"""

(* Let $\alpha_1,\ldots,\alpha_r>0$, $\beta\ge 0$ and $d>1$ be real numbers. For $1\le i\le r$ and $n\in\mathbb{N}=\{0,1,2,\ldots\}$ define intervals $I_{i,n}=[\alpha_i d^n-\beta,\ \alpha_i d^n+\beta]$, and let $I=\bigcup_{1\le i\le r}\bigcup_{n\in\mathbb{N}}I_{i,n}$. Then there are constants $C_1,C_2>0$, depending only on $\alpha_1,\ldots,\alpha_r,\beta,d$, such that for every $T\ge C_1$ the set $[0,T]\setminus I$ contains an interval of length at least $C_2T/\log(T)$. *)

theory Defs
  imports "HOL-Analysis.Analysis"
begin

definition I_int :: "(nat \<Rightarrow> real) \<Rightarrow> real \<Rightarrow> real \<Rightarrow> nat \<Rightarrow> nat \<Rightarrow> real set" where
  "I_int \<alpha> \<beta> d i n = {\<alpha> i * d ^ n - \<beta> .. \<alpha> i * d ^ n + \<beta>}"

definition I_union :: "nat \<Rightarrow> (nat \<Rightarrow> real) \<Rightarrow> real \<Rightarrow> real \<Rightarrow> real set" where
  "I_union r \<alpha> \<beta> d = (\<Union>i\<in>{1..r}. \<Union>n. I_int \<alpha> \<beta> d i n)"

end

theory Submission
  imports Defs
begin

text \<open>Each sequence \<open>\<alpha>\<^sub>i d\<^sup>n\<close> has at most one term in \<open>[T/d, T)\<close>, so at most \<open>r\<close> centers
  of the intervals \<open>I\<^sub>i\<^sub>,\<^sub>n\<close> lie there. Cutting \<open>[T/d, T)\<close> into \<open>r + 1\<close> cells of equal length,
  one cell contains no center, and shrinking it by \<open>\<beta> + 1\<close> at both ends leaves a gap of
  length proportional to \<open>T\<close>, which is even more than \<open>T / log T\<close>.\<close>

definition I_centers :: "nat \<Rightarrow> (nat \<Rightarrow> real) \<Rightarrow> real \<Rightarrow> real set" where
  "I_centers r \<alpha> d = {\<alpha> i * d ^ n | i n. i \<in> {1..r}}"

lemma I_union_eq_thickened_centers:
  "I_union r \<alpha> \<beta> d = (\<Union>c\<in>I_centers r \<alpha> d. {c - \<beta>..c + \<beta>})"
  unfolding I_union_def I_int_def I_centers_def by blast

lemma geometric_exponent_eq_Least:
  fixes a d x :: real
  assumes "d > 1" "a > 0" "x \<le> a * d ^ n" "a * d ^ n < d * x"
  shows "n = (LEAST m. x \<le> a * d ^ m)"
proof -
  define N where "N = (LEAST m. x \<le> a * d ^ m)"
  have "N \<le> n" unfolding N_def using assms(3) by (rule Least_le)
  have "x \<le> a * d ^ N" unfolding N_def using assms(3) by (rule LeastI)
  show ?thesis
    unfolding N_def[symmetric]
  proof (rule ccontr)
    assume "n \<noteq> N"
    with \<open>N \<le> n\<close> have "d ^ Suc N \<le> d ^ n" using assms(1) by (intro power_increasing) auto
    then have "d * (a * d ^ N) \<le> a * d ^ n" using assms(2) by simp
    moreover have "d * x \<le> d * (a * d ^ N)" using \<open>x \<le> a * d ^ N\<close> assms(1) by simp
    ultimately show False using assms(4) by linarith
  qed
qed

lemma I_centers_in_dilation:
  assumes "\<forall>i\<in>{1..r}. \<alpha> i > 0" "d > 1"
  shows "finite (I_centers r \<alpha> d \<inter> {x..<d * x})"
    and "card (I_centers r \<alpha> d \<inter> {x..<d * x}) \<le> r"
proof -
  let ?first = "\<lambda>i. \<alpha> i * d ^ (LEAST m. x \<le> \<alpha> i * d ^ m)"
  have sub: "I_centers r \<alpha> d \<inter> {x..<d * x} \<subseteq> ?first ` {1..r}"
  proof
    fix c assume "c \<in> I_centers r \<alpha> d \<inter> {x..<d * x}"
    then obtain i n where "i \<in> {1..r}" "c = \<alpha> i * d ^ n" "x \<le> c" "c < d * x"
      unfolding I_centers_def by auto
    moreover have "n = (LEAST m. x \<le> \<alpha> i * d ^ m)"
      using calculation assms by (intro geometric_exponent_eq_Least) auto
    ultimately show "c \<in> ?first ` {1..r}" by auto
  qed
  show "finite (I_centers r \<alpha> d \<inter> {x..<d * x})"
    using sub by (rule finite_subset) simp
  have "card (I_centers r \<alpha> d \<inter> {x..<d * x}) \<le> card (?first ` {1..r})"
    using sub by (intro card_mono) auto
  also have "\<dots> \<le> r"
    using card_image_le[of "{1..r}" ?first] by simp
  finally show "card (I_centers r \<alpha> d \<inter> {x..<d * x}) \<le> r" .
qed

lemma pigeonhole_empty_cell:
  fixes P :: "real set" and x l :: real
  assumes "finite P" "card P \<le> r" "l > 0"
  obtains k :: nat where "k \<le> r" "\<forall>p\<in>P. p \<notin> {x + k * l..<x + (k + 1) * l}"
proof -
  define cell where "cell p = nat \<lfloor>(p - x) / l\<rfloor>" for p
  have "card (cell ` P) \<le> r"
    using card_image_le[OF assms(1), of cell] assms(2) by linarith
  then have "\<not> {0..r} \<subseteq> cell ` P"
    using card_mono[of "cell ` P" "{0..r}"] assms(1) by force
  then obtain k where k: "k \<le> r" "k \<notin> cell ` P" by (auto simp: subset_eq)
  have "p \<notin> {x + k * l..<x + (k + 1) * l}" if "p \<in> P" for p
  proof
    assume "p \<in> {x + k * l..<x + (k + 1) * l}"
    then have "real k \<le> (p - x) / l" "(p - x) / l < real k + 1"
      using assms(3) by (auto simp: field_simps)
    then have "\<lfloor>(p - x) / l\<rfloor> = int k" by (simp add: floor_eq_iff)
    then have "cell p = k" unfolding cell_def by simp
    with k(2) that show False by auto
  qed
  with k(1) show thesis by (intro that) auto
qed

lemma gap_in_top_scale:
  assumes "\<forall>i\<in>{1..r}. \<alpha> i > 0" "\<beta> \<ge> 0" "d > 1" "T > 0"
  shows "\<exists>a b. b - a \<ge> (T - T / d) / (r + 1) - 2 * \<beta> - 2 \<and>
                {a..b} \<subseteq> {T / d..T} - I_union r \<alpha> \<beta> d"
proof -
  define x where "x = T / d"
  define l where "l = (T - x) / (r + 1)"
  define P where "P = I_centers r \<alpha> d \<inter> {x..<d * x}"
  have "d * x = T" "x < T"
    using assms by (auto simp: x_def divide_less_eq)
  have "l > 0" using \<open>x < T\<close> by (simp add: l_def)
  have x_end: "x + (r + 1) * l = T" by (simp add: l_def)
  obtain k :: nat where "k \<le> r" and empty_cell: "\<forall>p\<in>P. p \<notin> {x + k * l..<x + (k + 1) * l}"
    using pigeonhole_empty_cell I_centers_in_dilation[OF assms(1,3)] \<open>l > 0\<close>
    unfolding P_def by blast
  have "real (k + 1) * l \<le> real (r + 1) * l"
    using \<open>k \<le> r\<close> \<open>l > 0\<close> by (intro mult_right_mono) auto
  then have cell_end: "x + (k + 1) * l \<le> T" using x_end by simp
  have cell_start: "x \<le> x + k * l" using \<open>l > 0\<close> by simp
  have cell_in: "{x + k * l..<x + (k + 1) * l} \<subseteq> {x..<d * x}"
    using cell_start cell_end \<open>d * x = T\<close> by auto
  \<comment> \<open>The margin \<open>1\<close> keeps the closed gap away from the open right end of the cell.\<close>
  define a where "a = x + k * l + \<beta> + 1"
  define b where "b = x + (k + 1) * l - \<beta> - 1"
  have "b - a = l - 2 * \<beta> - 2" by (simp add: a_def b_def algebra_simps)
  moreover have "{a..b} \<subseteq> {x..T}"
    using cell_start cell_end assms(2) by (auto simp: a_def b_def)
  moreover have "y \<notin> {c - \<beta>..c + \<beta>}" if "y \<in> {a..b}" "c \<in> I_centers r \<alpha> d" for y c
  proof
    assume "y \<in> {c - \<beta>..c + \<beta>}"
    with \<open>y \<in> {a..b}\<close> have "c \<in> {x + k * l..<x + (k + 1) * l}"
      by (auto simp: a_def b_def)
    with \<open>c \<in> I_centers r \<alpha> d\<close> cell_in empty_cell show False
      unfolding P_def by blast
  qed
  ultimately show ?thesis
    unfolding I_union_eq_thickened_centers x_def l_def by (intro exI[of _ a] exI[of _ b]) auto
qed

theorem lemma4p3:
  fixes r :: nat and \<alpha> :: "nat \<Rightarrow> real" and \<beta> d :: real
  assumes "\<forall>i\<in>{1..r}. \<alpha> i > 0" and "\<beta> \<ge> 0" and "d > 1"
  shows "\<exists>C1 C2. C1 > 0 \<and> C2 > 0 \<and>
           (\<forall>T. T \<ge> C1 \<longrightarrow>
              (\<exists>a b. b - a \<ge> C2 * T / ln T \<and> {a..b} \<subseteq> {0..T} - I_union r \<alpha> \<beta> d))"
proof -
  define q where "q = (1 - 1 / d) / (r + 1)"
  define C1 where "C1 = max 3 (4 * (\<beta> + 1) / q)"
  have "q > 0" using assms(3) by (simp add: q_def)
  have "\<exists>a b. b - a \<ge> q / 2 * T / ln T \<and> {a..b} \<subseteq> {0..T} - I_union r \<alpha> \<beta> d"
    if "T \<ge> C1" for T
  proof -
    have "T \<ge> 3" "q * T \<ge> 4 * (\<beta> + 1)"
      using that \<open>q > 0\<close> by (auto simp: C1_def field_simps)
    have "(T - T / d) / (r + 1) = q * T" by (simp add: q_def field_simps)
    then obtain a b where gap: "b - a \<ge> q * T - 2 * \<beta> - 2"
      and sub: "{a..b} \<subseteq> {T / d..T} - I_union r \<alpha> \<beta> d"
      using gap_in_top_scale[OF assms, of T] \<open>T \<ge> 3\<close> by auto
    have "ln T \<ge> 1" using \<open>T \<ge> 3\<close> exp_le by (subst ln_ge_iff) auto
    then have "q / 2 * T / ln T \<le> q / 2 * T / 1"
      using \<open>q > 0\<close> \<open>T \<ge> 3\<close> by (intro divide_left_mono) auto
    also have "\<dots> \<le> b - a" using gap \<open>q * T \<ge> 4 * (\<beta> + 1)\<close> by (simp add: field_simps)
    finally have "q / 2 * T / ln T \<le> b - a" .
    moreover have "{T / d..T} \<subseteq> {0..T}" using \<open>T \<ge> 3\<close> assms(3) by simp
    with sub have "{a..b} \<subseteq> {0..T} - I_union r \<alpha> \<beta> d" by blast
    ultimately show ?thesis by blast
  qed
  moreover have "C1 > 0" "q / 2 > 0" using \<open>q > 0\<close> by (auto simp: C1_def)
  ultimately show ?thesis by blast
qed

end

"""
"""

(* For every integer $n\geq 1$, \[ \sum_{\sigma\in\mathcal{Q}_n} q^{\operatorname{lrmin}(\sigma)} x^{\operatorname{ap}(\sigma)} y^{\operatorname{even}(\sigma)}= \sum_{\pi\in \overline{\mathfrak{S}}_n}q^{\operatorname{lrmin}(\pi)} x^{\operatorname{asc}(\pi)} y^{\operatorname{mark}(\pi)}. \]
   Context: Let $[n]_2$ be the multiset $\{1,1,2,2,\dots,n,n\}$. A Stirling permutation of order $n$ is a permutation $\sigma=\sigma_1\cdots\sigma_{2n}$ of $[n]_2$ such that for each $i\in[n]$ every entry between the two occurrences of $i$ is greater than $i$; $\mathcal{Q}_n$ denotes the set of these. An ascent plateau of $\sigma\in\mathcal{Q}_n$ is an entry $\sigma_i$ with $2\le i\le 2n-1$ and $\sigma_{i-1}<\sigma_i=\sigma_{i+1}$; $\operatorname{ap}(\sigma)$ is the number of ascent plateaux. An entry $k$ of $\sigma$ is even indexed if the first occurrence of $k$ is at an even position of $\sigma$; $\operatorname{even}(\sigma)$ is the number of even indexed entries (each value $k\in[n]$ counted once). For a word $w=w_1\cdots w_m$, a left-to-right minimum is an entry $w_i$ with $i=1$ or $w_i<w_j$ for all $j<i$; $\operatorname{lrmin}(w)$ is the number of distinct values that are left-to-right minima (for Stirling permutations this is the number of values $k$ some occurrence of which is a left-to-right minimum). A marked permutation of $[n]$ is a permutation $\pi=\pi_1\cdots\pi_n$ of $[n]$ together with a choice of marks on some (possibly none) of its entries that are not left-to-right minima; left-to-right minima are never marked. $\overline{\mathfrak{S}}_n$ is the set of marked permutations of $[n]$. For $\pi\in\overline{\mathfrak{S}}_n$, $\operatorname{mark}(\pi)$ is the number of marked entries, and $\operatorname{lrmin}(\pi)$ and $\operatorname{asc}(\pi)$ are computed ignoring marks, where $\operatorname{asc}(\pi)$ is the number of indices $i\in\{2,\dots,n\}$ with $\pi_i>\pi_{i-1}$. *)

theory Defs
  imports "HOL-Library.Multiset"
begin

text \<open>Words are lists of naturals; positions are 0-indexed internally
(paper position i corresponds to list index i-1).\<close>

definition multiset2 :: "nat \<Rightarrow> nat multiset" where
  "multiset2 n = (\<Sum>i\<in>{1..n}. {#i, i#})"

"""
"""

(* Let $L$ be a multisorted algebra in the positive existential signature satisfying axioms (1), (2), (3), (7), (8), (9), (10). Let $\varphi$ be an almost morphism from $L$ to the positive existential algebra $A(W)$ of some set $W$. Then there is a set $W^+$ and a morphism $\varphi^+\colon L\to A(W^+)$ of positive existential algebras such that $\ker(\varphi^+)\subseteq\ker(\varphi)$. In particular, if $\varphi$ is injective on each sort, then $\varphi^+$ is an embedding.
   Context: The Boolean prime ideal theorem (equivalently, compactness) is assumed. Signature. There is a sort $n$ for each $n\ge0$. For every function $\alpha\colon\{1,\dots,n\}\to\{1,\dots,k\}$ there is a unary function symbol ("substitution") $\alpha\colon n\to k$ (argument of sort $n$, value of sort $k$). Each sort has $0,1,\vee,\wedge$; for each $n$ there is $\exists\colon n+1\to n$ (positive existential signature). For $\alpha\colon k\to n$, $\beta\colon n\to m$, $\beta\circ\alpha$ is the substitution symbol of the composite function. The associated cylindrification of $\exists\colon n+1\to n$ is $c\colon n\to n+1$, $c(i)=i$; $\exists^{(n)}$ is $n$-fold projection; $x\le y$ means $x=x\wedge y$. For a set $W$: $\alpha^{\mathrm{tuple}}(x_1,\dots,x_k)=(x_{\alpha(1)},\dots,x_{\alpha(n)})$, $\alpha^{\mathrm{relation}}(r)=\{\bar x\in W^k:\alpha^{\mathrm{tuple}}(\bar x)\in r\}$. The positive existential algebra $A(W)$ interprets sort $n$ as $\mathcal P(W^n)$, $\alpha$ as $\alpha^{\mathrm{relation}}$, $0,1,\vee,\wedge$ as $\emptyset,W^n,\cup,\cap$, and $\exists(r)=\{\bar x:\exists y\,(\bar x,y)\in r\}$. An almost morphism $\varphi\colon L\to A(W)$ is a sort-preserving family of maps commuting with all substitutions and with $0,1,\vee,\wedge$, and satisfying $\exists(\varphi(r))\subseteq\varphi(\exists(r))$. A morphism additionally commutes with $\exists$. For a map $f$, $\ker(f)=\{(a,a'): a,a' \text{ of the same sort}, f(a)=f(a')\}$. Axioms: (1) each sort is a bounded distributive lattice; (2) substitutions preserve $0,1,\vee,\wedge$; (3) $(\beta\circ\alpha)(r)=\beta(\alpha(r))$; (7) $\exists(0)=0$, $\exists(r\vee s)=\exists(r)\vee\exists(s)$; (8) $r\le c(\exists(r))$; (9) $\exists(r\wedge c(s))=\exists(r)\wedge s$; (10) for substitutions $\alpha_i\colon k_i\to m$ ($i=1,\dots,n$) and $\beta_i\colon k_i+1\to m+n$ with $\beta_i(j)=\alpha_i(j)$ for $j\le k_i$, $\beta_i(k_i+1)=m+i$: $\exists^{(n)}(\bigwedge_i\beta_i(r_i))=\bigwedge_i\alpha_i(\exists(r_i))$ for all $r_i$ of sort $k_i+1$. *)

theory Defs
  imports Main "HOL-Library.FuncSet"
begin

"""

What are the lines above, starting at the one with "x l :: real" and ending at the one with "using card_image_le[OF assms(1), of"? Give them again exactly, and only them.

● **Completed task**:
  fixes P :: "real set" and x l :: real
  assumes "finite P" "card P \<le> r" "l > 0"
  obtains k :: nat where "k \<le> r" "\<forall>p\<in>P. p \<notin> {x + k * l..<x + (k + 1) * l}"
proof -
  define cell where "cell p = nat \<lfloor>(p - x) / l\<rfloor>" for p
  have "card (cell ` P) \<le> r"
    using card_image_le[OF assms(1), of cell] assms(2) by linarith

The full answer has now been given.